Ukraine: This is Genocide

It’s becoming an all-too common habit. When I wake up, I turn on my phone, go to the Telegram page that my Ukrainian friend sent me, and get updates about the overnight events. Most of the posts are about news regarding the current conflict, the military victories of Ukraine, and the suffering of the Ukrainian people.

But today, it was different.

It came from a video which shows a typical car, driven by an elderly couple, being targeted by a tank. As the car drove down a side street, a tank, coming from another street, shot the car with multiple rounds of ammunition. Just to make sure that the driver was dead, the tank shot not just one, but two shells into the car. After the tanks had left, someone nearby took a video of the carnage. 

The entire invasion of Ukraine has been a surreal experience to say the least. Of course, the 24-hour news cycle doesn’t help either. Whenever I turn on CNN, MSNBC, BBC News, or many of the other outlets that I’ve been watching, you are faced with Ukrainian tragedy, but also their resilience. Videos of surrendering Russian soldiers and billions of dollars of burned out Russian military hardway does give me a glimmer of hope that Ukraine can make it through this. 

However, there is one thing that has been missing, and suspiciously so. 

During all of the coverage of the war, we don’t see the Russian propaganda machine churning out videos of dead or surrendering Ukrainian soldiers. We don’t see them talking about military victories. For a country that is so proud of its military history and might, the absolute silence is interesting. There isn’t even any propaganda faking military victories.

However, the videos that we do see of Russian attacks are almost entirely on civilian facilities.
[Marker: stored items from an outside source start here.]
(* Let $A(x)$ be an $n\times n$ matrix function, holomorphic and single-valued in a punctured disc $0<|x-x_0|<\rho_0$, with Laurent expansion $A(x)=\frac{a_{-1}}{x-x_0}+\sum_{k\ge 0}a_k(x-x_0)^k$. Let $W(x)$ be an invertible (for $x\ne x_0$) solution of $\frac{dW}{dx}=A(x)W$ of the form $W(x)=\sum_{k\ge m}b_k(x-x_0)^k$ with $b_m\neq0$, and suppose $W^{-1}(x)=\sum_{k\ge p}c_k(x-x_0)^k$ with $c_p\neq 0$ (both series convergent in the punctured disc, $m,p\in\mathbb Z$). Then $m$ and $-p$ are eigenvalues of $a_{-1}$, and the matrix $a_{-1}$ is either a scalar matrix or has at least two different integer eigenvalues. *)

theory Defs
  imports "HOL-Analysis.Analysis"
begin

definition cscale :: "complex \<Rightarrow> complex ^ 'n ^ 'm \<Rightarrow> complex ^ 'n ^ 'm" where
  "cscale c M = (\<chi> i j. c * M $ i $ j)"

definition is_eigenvalue :: "complex ^ 'n ^ 'n \<Rightarrow> complex \<Rightarrow> bool" where
  "is_eigenvalue M l \<longleftrightarrow> (\<exists>v. v \<noteq> 0 \<and> M *v v = l *s v)"

definition is_scalar_matrix :: "complex ^ 'n ^ 'n \<Rightarrow> bool" where
  "is_scalar_matrix M \<longleftrightarrow> (\<exists>c. M = mat c)"

end

theory Submission
  imports Defs
begin

(* Near x0 write A = a_-1 / (x - x0) + H, W = (x - x0)^m B and W^-1 = (x - x0)^p C with
   H, B, C holomorphic at x0, B(x0) = b_0 and C(x0) = c_0.  Multiplying W' = A W by
   (x - x0)^(1-m) gives m B + (x - x0) B' = (a_-1 + (x - x0) H) B, and letting x -> x0
   yields a_-1 b_0 = m b_0: every nonzero column of b_0 is an eigenvector for m.  The
   inverse satisfies the adjoint equation (W^-1)' = - W^-1 A, which in the same way gives
   c_0 a_-1 = -p c_0, so -p is an eigenvalue of the transpose of a_-1, hence of a_-1.
   If m = -p, then B C = I, so b_0 c_0 = I and a_-1 = a_-1 b_0 c_0 = m I; otherwise m and
   -p are two different integer eigenvalues. *)

lemma eventually_punctured_ball_at_0:
  fixes r :: real
  assumes "r > 0"
  shows "eventually (\<lambda>z. z \<in> ball 0 r - {0}) (at (0 :: 'a::real_normed_vector))"
  using assms by (auto simp: eventually_at dist_commute intro!: exI[of _ r])

lemma summable_powser_punctured_disc:
  fixes c :: "nat \<Rightarrow> 'a::{real_normed_field,banach}"
  assumes "\<And>z. z \<noteq> 0 \<Longrightarrow> norm z < r \<Longrightarrow> summable (\<lambda>n. c n * z ^ n)" and "norm z < r"
  shows "summable (\<lambda>n. c n * z ^ n)"
proof (cases "z = 0")
  case True
  then show ?thesis
    using powser_sums_zero sums_summable by blast
qed (use assms in auto)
The Antonov International Airport, which was attacked by Russian troops, is a civil government airport, not a military base. The Zaporizhzhia Nuclear Power Plant provides power to millions of civilians and, again, is not a military facility. The Kyiv TV tower, another thing with absolutely no military value, was targeted as well. And, of course, we have countless images of dead and dying Ukrainians on the streets, in their homes, and in hospitals. Houses are bombed. Apartment buildings are bombed. Hospitals are bombed. Kindergartens are bombed.

It must be asked, is Russia trying to accomplish a military victory, or something else? 

Now, I’m not going to go into the conflict further. There is a lot of material out there that talks about how Putin views Ukraine. But, to lightly put it, he feels that Ukraine doesn’t exist. 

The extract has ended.